Data excerpts:
++++++++++

lemma form_rho_lam_tilde:
  assumes "is_partition \<nu>"
  shows "form_rho (lam_tilde m l \<nu> d) (rho_tilde r) =
      (\<Sum>i=- int m..-1. l i * l i + 2 * l i * (r - of_int i))
    + (\<Sum>(i, j)\<in>young_diagram \<nu>. 2 * (of_nat j - of_nat i) + 2 * r + 1 - 2 * d)"
proof -
  obtain N where N: "\<forall>i>N. \<nu> i = 0" "\<forall>i\<ge>1. \<nu> i \<le> N"
    using is_partition_bounded[OF assms] .
  define g :: "nat \<times> nat \<Rightarrow> complex" where "g = (\<lambda>(i, j). 2 * (of_nat j - of_nat i) + 2 * r + 1 - 2 * d)"
  let ?a = "\<lambda>i. of_nat (\<nu> i - i) :: complex"
  let ?b = "\<lambda>k. of_nat (conj_part \<nu> k - (k - 1)) :: complex"
  have expand: "form_rho (lam_tilde m l \<nu> d) (rho_tilde r) =
      (\<Sum>i=- int m..-1. l i * l i + 2 * l i * (r - of_int i))
    + (\<Sum>i=1..N. ?a i * ?a i - 2 * d * ?a i + 2 * ?a i * (r + 1))
    + (\<Sum>k=1..N. - (?b k * ?b k) - 2 * d * ?b k + 2 * ?b k * (r + 1))"
    unfolding lam_tilde_eq_mk_coeffs using N(1) conj_part_eq_0[OF N(2)]
    by (subst form_rho_mk_coeffs[where N = N and r = r]) (auto simp: rho_of_neg_int rho_of_pos intro!: sum.cong)
  have rows: "(\<Sum>i=1..N. ?a i * ?a i - 2 * d * ?a i + 2 * ?a i * (r + 1))
      = (\<Sum>i=1..N. \<Sum>j=Suc i..\<nu> i. g (i, j))"
  proof (rule sum.cong[OF refl])
    fix i
    have "(\<Sum>j=Suc i..\<nu> i. g (i, j))
        = (\<Sum>j=Suc i..\<nu> i. 1 * (2 * (of_nat j - of_nat i) - 1) + (2 * r + 2 - 2 * d))"
      by (simp add: g_def algebra_simps)
    also have "\<dots> = ?a i * ?a i - 2 * d * ?a i + 2 * ?a i * (r + 1)"
      unfolding sum_odd_numbers_shifted by (simp add: algebra_simps)
    finally show "\<dots> = (\<Sum>j=Suc i..\<nu> i. g (i, j))" ..
  qed
  have columns: "(\<Sum>k=1..N. - (?b k * ?b k) - 2 * d * ?b k + 2 * ?b k * (r + 1))
      = (\<Sum>k=1..N. \<Sum>i=k..conj_part \<nu> k. g (i, k))"
  proof (rule sum.cong[OF refl])
    fix k :: nat assume "k \<in> {1..N}"
    then have k: "Suc (k - 1) = k" "of_nat (k - 1) = (of_nat k - 1 :: complex)"
      by auto
    have "(\<Sum>i=k..conj_part \<nu> k. g (i, k))
        = (\<Sum>i=Suc (k - 1)..conj_part \<nu> k. - 1 * (2 * (of_nat i - of_nat (k - 1)) - 1) + (2 * r + 2 - 2 * d))"
      unfolding k by (simp add: g_def algebra_simps)
    also have "\<dots> = - (?b k * ?b k) - 2 * d * ?b k + 2 * ?b k * (r + 1)"
      unfolding sum_odd_numbers_shifted by (simp add: algebra_simps)
    finally show "\<dots> = (\<Sum>i=k..conj_part \<nu> k. g (i, k))" ..
  qed
  show ?thesis
    using sum_young_diagram_diagonal_split[OF assms N, of g]
    unfolding expand rows columns g_def by (simp add: add.assoc)
qed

++++++++++

■ Task requirements:
What is the number of lines in the records that contain "auto"? State that number alone.

■ Reply to the task:
2